##### THE RECORDS #####
lemma norm_difference_quotient_le:
  fixes f :: "'a::real_normed_field \<Rightarrow> 'a"
  assumes "convex S" "w \<in> S" "w0 \<in> S" "w \<noteq> w0"
    and "\<And>w. w \<in> S \<Longrightarrow> (f has_field_derivative f' w) (at w)"
    and "\<And>w. w \<in> S \<Longrightarrow> norm (f' w) \<le> C"
  shows "norm ((f w - f w0) / (w - w0)) \<le> C"
proof -
  have "norm (f w - f w0) \<le> C * norm (w - w0)"
    by (rule field_differentiable_bound[OF assms(1)])
       (use assms in \<open>auto intro: has_field_derivative_at_within\<close>)
  then show ?thesis using assms(4) by (simp add: norm_divide divide_le_eq)
qed

lemma has_field_derivative_integral:
  fixes f :: "'a::{real_normed_field,banach,second_countable_topology} \<Rightarrow> real \<Rightarrow> 'a"
  assumes M: "finite_measure M"
   and K: "AE t in M. t \<in> K"
   and S: "open S" "w0 \<in> S" "convex S"
   and der: "\<And>t w. t \<in> K \<Longrightarrow> w \<in> S \<Longrightarrow> ((\<lambda>w. f w t) has_field_derivative f' w t) (at w)"
   and bnd: "\<And>t w. t \<in> K \<Longrightarrow> w \<in> S \<Longrightarrow> norm (f' w t) \<le> C"
   and meas: "\<And>w. (\<lambda>t. f w t) \<in> borel_measurable M" "(\<lambda>t. f' w0 t) \<in> borel_measurable M"
   and int: "\<And>w. w \<in> S \<Longrightarrow> integrable M (\<lambda>t. f w t)"
  shows "((\<lambda>w. LINT t|M. f w t) has_field_derivative (LINT t|M. f' w0 t)) (at w0)"
  unfolding has_field_derivative_iff
proof (subst tendsto_at_iff_sequentially, intro allI impI)
  interpret finite_measure M by fact
  fix X :: "nat \<Rightarrow> 'a" assume X: "\<forall>i. X i \<in> UNIV - {w0}" "X \<longlonglongrightarrow> w0"
  have evS: "eventually (\<lambda>i. X i \<in> S) sequentially"
    using X(2) S(1,2) by (rule topological_tendstoD)
  define s where "s i t = (if X i \<in> S then (f (X i) t - f w0 t) / (X i - w0) else 0)" for i t
  have "(\<lambda>i. integral\<^sup>L M (s i)) \<longlonglongrightarrow> integral\<^sup>L M (\<lambda>t. f' w0 t)"
  proof (rule integral_dominated_convergence[where w="\<lambda>_. C"])
    show "(\<lambda>t. f' w0 t) \<in> borel_measurable M" by fact
    show "s i \<in> borel_measurable M" for i
      unfolding s_def using meas by (cases "X i \<in> S") auto
    show "integrable M (\<lambda>_. C)" by simp
    show "AE t in M. (\<lambda>i. s i t) \<longlonglongrightarrow> f' w0 t"
      using K
    proof eventually_elim
      case (elim t)
      note t = this
      have "((\<lambda>w. (f w t - f w0 t) / (w - w0)) \<longlongrightarrow> f' w0 t) (at w0)"
        using der[OF t S(2)] unfolding has_field_derivative_iff .
      then have "((\<lambda>w. (f w t - f w0 t) / (w - w0)) \<circ> X) \<longlonglongrightarrow> f' w0 t"
        using X by (subst (asm) tendsto_at_iff_sequentially) auto
      moreover have "eventually (\<lambda>i. ((\<lambda>w. (f w t - f w0 t) / (w - w0)) \<circ> X) i = s i t) sequentially"
        using evS by eventually_elim (simp add: s_def)
      ultimately show "(\<lambda>i. s i t) \<longlonglongrightarrow> f' w0 t" by (rule Lim_transform_eventually)
    qed
    show "AE t in M. norm (s i t) \<le> C" for i
      using K
    proof eventually_elim
      case (elim t)
      note t = this
      have "0 \<le> C" using bnd[OF t S(2)] norm_ge_zero order_trans by blast
      then show "norm (s i t) \<le> C"
        using norm_difference_quotient_le[OF S(3) _ S(2) _ der[OF t] bnd[OF t], of "X i"] X(1)
        by (auto simp: s_def)
    qed
  qed
  moreover have "eventually (\<lambda>i. integral\<^sup>L M (s i) =
      ((\<lambda>y. ((LINT t|M. f y t) - (LINT t|M. f w0 t)) / (y - w0)) \<circ> X) i) sequentially"
    using evS
  proof eventually_elim
    case (elim i)
    have "s i = (\<lambda>t. (f (X i) t - f w0 t) / (X i - w0))" using elim by (intro ext) (simp add: s_def)
    then show ?case
      using int[OF elim] int[OF S(2)] by (simp add: integral_diff integral_divide_zero)
  qed
  ultimately show
    "((\<lambda>y. ((LINT t|M. f y t) - (LINT t|M. f w0 t)) / (y - w0)) \<circ> X) \<longlonglongrightarrow> (LINT t|M. f' w0 t)"
    by (rule Lim_transform_eventually)
qed

definition supp_hull :: "real measure \<Rightarrow> 'a::real_normed_algebra_1 set" where
  "supp_hull \<mu> = of_real ` {Eminus \<mu>..Eplus \<mu>}"

text \<open>The kernel is raised to a power \<open>m\<close> because the derivatives of \<open>G\<^sub>\<mu>\<close> are of this form;
  the definition is polymorphic so that the real and the complex transforms are the same constant.\<close>
definition cauchy_transform ::
    "real measure \<Rightarrow> nat \<Rightarrow> 'a::{real_normed_field,banach,second_countable_topology} \<Rightarrow> 'a" where
  "cauchy_transform \<mu> m w = (LINT t|\<mu>. 1 / (w - of_real t) ^ m)"

lemma compact_supp_hull: "compact (supp_hull \<mu> :: 'a::real_normed_algebra_1 set)"
  unfolding supp_hull_def by (intro compact_continuous_image continuous_intros) auto

lemma supp_hull_nonempty: "in_M \<mu> \<Longrightarrow> (supp_hull \<mu> :: 'a::real_normed_algebra_1 set) \<noteq> {}"
  unfolding supp_hull_def using supp_subset_Eminus_Eplus Eplus_in_supp by fastforce

lemma open_Compl_supp_hull: "open (- (supp_hull \<mu> :: 'a::real_normed_algebra_1 set))"
  by (rule open_Compl[OF compact_imp_closed[OF compact_supp_hull]])

lemma of_real_notin_supp_hull: "x > Eplus \<mu> \<Longrightarrow> (of_real x :: 'a::real_normed_algebra_1) \<notin> supp_hull \<mu>"
  by (auto simp: supp_hull_def)

lemma half_infdist_supp_hull_le:
  fixes w w' :: "'a::real_normed_field"
  assumes "w' \<in> ball w (infdist w (supp_hull \<mu>) / 2)" "t \<in> {Eminus \<mu>..Eplus \<mu>}"
  shows "infdist w (supp_hull \<mu>) / 2 \<le> norm (w' - of_real t)"
proof -
  have "of_real t \<in> (supp_hull \<mu> :: 'a set)" using assms(2) by (auto simp: supp_hull_def)
  then have "infdist w (supp_hull \<mu>) \<le> dist w (of_real t)" by (rule infdist_le)
  also have "\<dots> \<le> dist w w' + dist w' (of_real t)" by (rule dist_triangle)
  finally show ?thesis using assms(1) by (auto simp: dist_norm)
qed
#####
*WHAT YOU HAVE TO DO:* Whenever a line of the data holds the string "subst", pick that line out.

*FINISHED TASK:*
proof (subst tendsto_at_iff_sequentially, intro allI impI)
        using X by (subst (asm) tendsto_at_iff_sequentially) auto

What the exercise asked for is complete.